(TASK TO CARRY OUT): Using the records below, write out again exactly the lines that begin at the line containing "by (rule card_UN_le) simp" and end at the line containing "choose j \<le>", and no other lines.

═══ DATA SHOWN ═══

(* Consider a run of RLS-GP on the target $\mathrm{AND}_n$ with $F = \{\mathrm{AND}, \mathrm{OR}\}$, $L = \{x_1, \ldots, x_n\}$, a tree size limit $\ell \ge n$, and the complete truth table as fitness. Let $T$ be the number of iterations before the optimum is found, and let $T_0 \le T$ be the number of these iterations in which the parent (current) tree is not full, i.e. has fewer than $\ell$ leaves. Then $E[T_0] = O(\ell\, n \log^2 n)$.
   Context: Programs are finite rooted binary trees (the empty tree is allowed) whose internal nodes are labelled by binary Boolean functions from $F$ and whose leaves are labelled by literals from $L$; a program computes a Boolean function of $(x_1,\dots,x_n)$ in the obvious way. $\mathrm{AND}_n(x) = x_1 \wedge \dots \wedge x_n$. The fitness (to be minimised) of a program $X$ is $f(X) = |\{x \in \{0,1\}^n : X(x) \ne \mathrm{AND}_n(x)\}|$; the optimum is a tree of fitness $0$. LeafCount$(X)$ is the number of leaves of $X$. HVL-Prime with subtree deletion, applied to a tree $X$: choose $op \in \{\mathrm{INS}, \mathrm{DEL}, \mathrm{SUB}\}$, a literal $l \in L$ and a function $g \in F$, independently and uniformly at random. If $X$ is empty, the result is the single leaf $l$. Otherwise: if $op = \mathrm{INS}$, choose a node $x$ of $X$ uniformly at random and replace it by a new node labelled $g$ whose two children are the subtree rooted at $x$ and a new leaf $l$, in uniformly random order; if $op = \mathrm{DEL}$, choose a node $x$ of $X$ (leaf or internal) uniformly at random and replace the parent of $x$ by the sibling of $x$; if $op = \mathrm{SUB}$, choose a leaf of $X$ uniformly at random and replace it by $l$. RLS-GP with tree size limit $\ell$: start with the empty tree $X$; in each iteration let $X' := $ HVL-Prime$(X)$, and if LeafCount$(X') \le \ell$ and $f(X') \le f(X)$ then set $X := X'$. Asymptotics are as $n \to \infty$. *)

theory Defs
  imports "HOL-Probability.Probability"
begin

datatype func = FAnd | FOr

text \<open>Programs: possibly empty binary trees; leaves carry literal indices i (meaning x_i, 1 \<le> i \<le> n).
  The constructor GEmpty is only meant to occur as the whole tree.\<close>
datatype gptree = GEmpty | GLeaf nat | GNode func gptree gptree

fun apply_func :: "func \<Rightarrow> bool \<Rightarrow> bool \<Rightarrow> bool" where
  "apply_func FAnd a b = (a \<and> b)"
| "apply_func FOr a b = (a \<or> b)"

fun eval_tree :: "gptree \<Rightarrow> nat set \<Rightarrow> bool" where
  "eval_tree GEmpty S = False"
| "eval_tree (GLeaf i) S = (i \<in> S)"
| "eval_tree (GNode g a b) S = apply_func g (eval_tree a S) (eval_tree b S)"

text \<open>Inputs x \<in> {0,1}^n are identified with subsets S of {1..n}; AND_n(x) = 1 iff S = {1..n}.
  The empty tree computes no function and is counted wrong on every input (fitness 2^n).\<close>
definition fitness :: "nat \<Rightarrow> gptree \<Rightarrow> nat" where
  "fitness n X = (if X = GEmpty then 2 ^ n
     else card {S. S \<subseteq> {1..n} \<and> eval_tree X S \<noteq> (S = {1..n})})"

fun leaf_count :: "gptree \<Rightarrow> nat" where
  "leaf_count GEmpty = 0"
| "leaf_count (GLeaf i) = 1"
| "leaf_count (GNode g a b) = leaf_count a + leaf_count b"

fun node_count :: "gptree \<Rightarrow> nat" where
  "node_count GEmpty = 0"
| "node_count (GLeaf i) = 1"
| "node_count (GNode g a b) = 1 + node_count a + node_count b"

text \<open>Nodes are addressed by their preorder index (0 = root). Replace subtree at index k by f of it.\<close>
fun modify_at :: "nat \<Rightarrow> (gptree \<Rightarrow> gptree) \<Rightarrow> gptree \<Rightarrow> gptree" where
  "modify_at 0 f t = f t"
| "modify_at (Suc k) f (GNode g a b) =
     (if k < node_count a then GNode g (modify_at k f a) b
      else GNode g a (modify_at (k - node_count a) f b))"
| "modify_at (Suc k) f t = t"

text \<open>Deletion of the node with preorder index k: its parent is replaced by its sibling.
  The root has no parent; deleting it gives the empty tree (which is never accepted anyway).\<close>
fun del_at :: "nat \<Rightarrow> gptree \<Rightarrow> gptree" where
  "del_at 0 t = GEmpty"
| "del_at (Suc k) (GNode g a b) =
     (if k = 0 then b
      else if k < node_count a then GNode g (del_at k a) b
      else if k = node_count a then a
      else GNode g a (del_at (k - node_count a) b))"
| "del_at (Suc k) t = t"

text \<open>Substitute the j-th leaf (0-based, left to right) by the literal l.\<close>
fun sub_leaf :: "nat \<Rightarrow> nat \<Rightarrow> gptree \<Rightarrow> gptree" where
  "sub_leaf j l GEmpty = GEmpty"
| "sub_leaf j l (GLeaf i) = GLeaf l"
| "sub_leaf j l (GNode g a b) =
     (if j < leaf_count a then GNode g (sub_leaf j l a) b
      else GNode g a (sub_leaf (j - leaf_count a) l b))"

datatype hvl_op = INS | DEL | SUB

definition hvl_prime :: "nat \<Rightarrow> gptree \<Rightarrow> gptree pmf" where
  "hvl_prime n X = do {
     op \<leftarrow> pmf_of_set {INS, DEL, SUB};
     l \<leftarrow> pmf_of_set {1..n};
     g \<leftarrow> pmf_of_set {FAnd, FOr};
     (if X = GEmpty then return_pmf (GLeaf l)
      else (case op of
        INS \<Rightarrow> do {
          k \<leftarrow> pmf_of_set {..<node_count X};
          b \<leftarrow> pmf_of_set (UNIV :: bool set);
          return_pmf (modify_at k (\<lambda>s. if b then GNode g s (GLeaf l) else GNode g (GLeaf l) s) X) }
      | DEL \<Rightarrow> map_pmf (\<lambda>k. del_at k X) (pmf_of_set {..<node_count X})
      | SUB \<Rightarrow> map_pmf (\<lambda>j. sub_leaf j l X) (pmf_of_set {..<leaf_count X})))
   }"

definition rls_step :: "nat \<Rightarrow> nat \<Rightarrow> gptree \<Rightarrow> gptree pmf" where
  "rls_step n ell X = map_pmf
     (\<lambda>X'. if leaf_count X' \<le> ell \<and> fitness n X' \<le> fitness n X then X' else X) (hvl_prime n X)"

fun rls_state :: "nat \<Rightarrow> nat \<Rightarrow> nat \<Rightarrow> gptree pmf" where
  "rls_state n ell 0 = return_pmf GEmpty"
| "rls_state n ell (Suc t) = rls_state n ell t \<bind> rls_step n ell"

text \<open>T_0 = number of iterations t (before the optimum is found, i.e. with parent fitness > 0)
  whose parent has fewer than ell leaves, i.e. the sum over t of the indicator of that event.
  Its expectation is, by monotone convergence / linearity, the sum of the probabilities.\<close>
definition expected_T0 :: "nat \<Rightarrow> nat \<Rightarrow> ennreal" where
  "expected_T0 n ell = (\<Sum>t. ennreal (measure_pmf.prob (rls_state n ell t)
       {X. fitness n X \<noteq> 0 \<and> leaf_count X < ell}))"

end

(* A tree of fitness f gets the potential V(f) = w(1) + ... + w(f), with w(j) = 1/j for j < n^8
   and w(j) = 8 ln n / (j ln j) otherwise; V(2^n) = O(log^2 n), and V never increases because the
   fitness does not.  If the current tree X has fewer than ell leaves, each of the n mutations
   X := AND(X, x_l) is accepted and has probability at least 1/(24 n ell); it removes exactly the
   false positives that miss x_l.  Summed over l, every false positive counts once per variable it
   misses, and since few inputs miss few variables, f false positives miss at least
   max(f, f ln f / (8 ln n)) variables in total.  By the choice of w this makes the expected
   decrease of V at least 1/(24 n ell) in every such iteration, and additive drift bounds E[T_0]
   by 24 n ell (V(2^n) + 1). *)

theory Submission
  imports Defs "HOL-Analysis.Harmonic_Numbers"
begin

section \<open>Subsets with many missing elements\<close>

lemma sum_power_less_le_power:
  fixes n :: nat
  assumes "2 \<le> n"
  shows "(\<Sum>j<k. n ^ j) \<le> n ^ k"
proof (induction k)
  case (Suc k)
  have "(\<Sum>j<Suc k. n ^ j) \<le> n ^ k + n ^ k"
    using Suc by simp
  also have "\<dots> \<le> n ^ Suc k"
    using mult_le_mono1[OF assms, of "n ^ k"] by (simp only: mult_2 power_Suc)
  finally show ?case .
qed simp

lemma card_subsets_small_complement:
  assumes "finite A" "2 \<le> card A"
  shows "card {S. S \<subseteq> A \<and> card (A - S) < k} \<le> card A ^ k"
proof -
  have "{S. S \<subseteq> A \<and> card (A - S) < k} = (\<lambda>T. A - T) ` {T. T \<subseteq> A \<and> card T < k}"
    by (auto simp: image_iff double_diff intro!: exI[of _ "A - _"])
  moreover have "inj_on (\<lambda>T. A - T) {T. T \<subseteq> A \<and> card T < k}"
    by (auto simp: inj_on_def double_diff)
  ultimately have "card {S. S \<subseteq> A \<and> card (A - S) < k} = card {T. T \<subseteq> A \<and> card T < k}"
    by (simp add: card_image)
  also have "{T. T \<subseteq> A \<and> card T < k} = (\<Union>j<k. {T. T \<subseteq> A \<and> card T = j})"
    by auto
  also have "card \<dots> \<le> (\<Sum>j<k. card {T. T \<subseteq> A \<and> card T = j})"
    by (rule card_UN_le) simp
  also have "\<dots> = (\<Sum>j<k. card A choose j)"
    using n_subsets[OF assms(1)] by simp
  also have "\<dots> \<le> (\<Sum>j<k. card A ^ j)"
  proof (rule sum_mono)
    show "card A choose j \<le> card A ^ j" for j
      by (cases "j \<le> card A") (simp_all add: binomial_le_pow binomial_eq_0)
  qed
  also have "\<dots> \<le> card A ^ k"
    using sum_power_less_le_power[OF assms(2)] .
  finally show ?thesis .
qed

lemma sum_card_complement_ge:
  assumes A: "finite A" "2 \<le> card A" and F: "F \<subseteq> Pow A" and k: "2 * card A ^ k \<le> card F"
  shows "k * card F \<le> 2 * (\<Sum>S\<in>F. card (A - S))"
proof -
  have fin: "finite F"
    using F A(1) by (meson finite_Pow_iff finite_subset)
  define B where "B = {S\<in>F. k \<le> card (A - S)}"
  have "card (F - B) \<le> card {S. S \<subseteq> A \<and> card (A - S) < k}"
  proof (rule card_mono)
    show "finite {S. S \<subseteq> A \<and> card (A - S) < k}"
      by (rule finite_subset[of _ "Pow A"]) (use A(1) in auto)
    show "F - B \<subseteq> {S. S \<subseteq> A \<and> card (A - S) < k}"
      using F by (auto simp: B_def)
  qed
  also have "\<dots> \<le> card A ^ k"
    by (rule card_subsets_small_complement[OF A])
  finally have "card (F - B) \<le> card A ^ k" .
  moreover have "card F = card B + card (F - B)"
    using card_Int_Diff[OF fin, of B] by (simp add: B_def Int_absorb1)
  ultimately have "card F \<le> 2 * card B"
    using k by linarith
  moreover have "k * card B \<le> (\<Sum>S\<in>F. card (A - S))"
  proof -
    have "k * card B = (\<Sum>S\<in>B. k)"
      by simp
    also have "\<dots> \<le> (\<Sum>S\<in>B. card (A - S))"
      by (rule sum_mono) (simp add: B_def)
    also have "\<dots> \<le> (\<Sum>S\<in>F. card (A - S))"
      using fin by (intro sum_mono2) (auto simp: B_def)
    finally show ?thesis .
  qed
  ultimately show ?thesis
    using mult_le_mono2[of "card F" "2 * card B" k] by linarith
qed

lemma card_le_sum_card_complement:
  assumes "finite A" "F \<subseteq> Pow A - {A}"
  shows "card F \<le> (\<Sum>S\<in>F. card (A - S))"
proof -
  have "card F = (\<Sum>S\<in>F. 1)"
    by simp
  also have "\<dots> \<le> (\<Sum>S\<in>F. card (A - S))"
  proof (rule sum_mono)
    fix S assume "S \<in> F"
    then have "A - S \<noteq> {}"
      using assms(2) by blast
    then show "1 \<le> card (A - S)"
      using assms(1) by (simp add: Suc_leI card_gt_0_iff)
  qed
  finally show ?thesis .
qed

lemma sum_card_filter_not_mem:
  assumes "finite A" "finite F"
  shows "(\<Sum>l\<in>A. card {S\<in>F. l \<notin> S}) = (\<Sum>S\<in>F. card (A - S))"
proof -
  have "(\<Sum>l\<in>A. card {S\<in>F. l \<notin> S}) = (\<Sum>l\<in>A. \<Sum>S\<in>F. if l \<notin> S then 1 else 0)"
    using assms(2) by (simp add: sum.If_cases Int_def)
  also have "\<dots> = (\<Sum>S\<in>F. \<Sum>l\<in>A. if l \<notin> S then 1 else 0)"
    by (rule sum.swap)
  also have "\<dots> = (\<Sum>S\<in>F. card (A - S))"
    using assms(1) by (simp add: sum.If_cases Int_def set_diff_eq)
  finally show ?thesis .
qed

lemma mult_ln_le_ln_of_power_le:
  assumes "0 < n" "n ^ k \<le> j"
  shows "real k * ln (real n) \<le> ln (real j)"
proof -
  have "real n ^ k \<le> real j"
    using assms(2) by (metis of_nat_le_iff of_nat_power)
  moreover have "0 < real n ^ k"
    using assms(1) by simp
  ultimately have "ln (real n ^ k) \<le> ln (real j)"
    by (rule ln_mono)
  then show ?thesis
    using assms(1) by (simp add: ln_realpow)
qed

═══

(RESPONSE AREA):
    by (rule card_UN_le) simp
  also have "\<dots> = (\<Sum>j<k. card A choose j)"
    using n_subsets[OF assms(1)] by simp
  also have "\<dots> \<le> (\<Sum>j<k. card A ^ j)"
  proof (rule sum_mono)
    show "card A choose j \<le> card A ^ j" for j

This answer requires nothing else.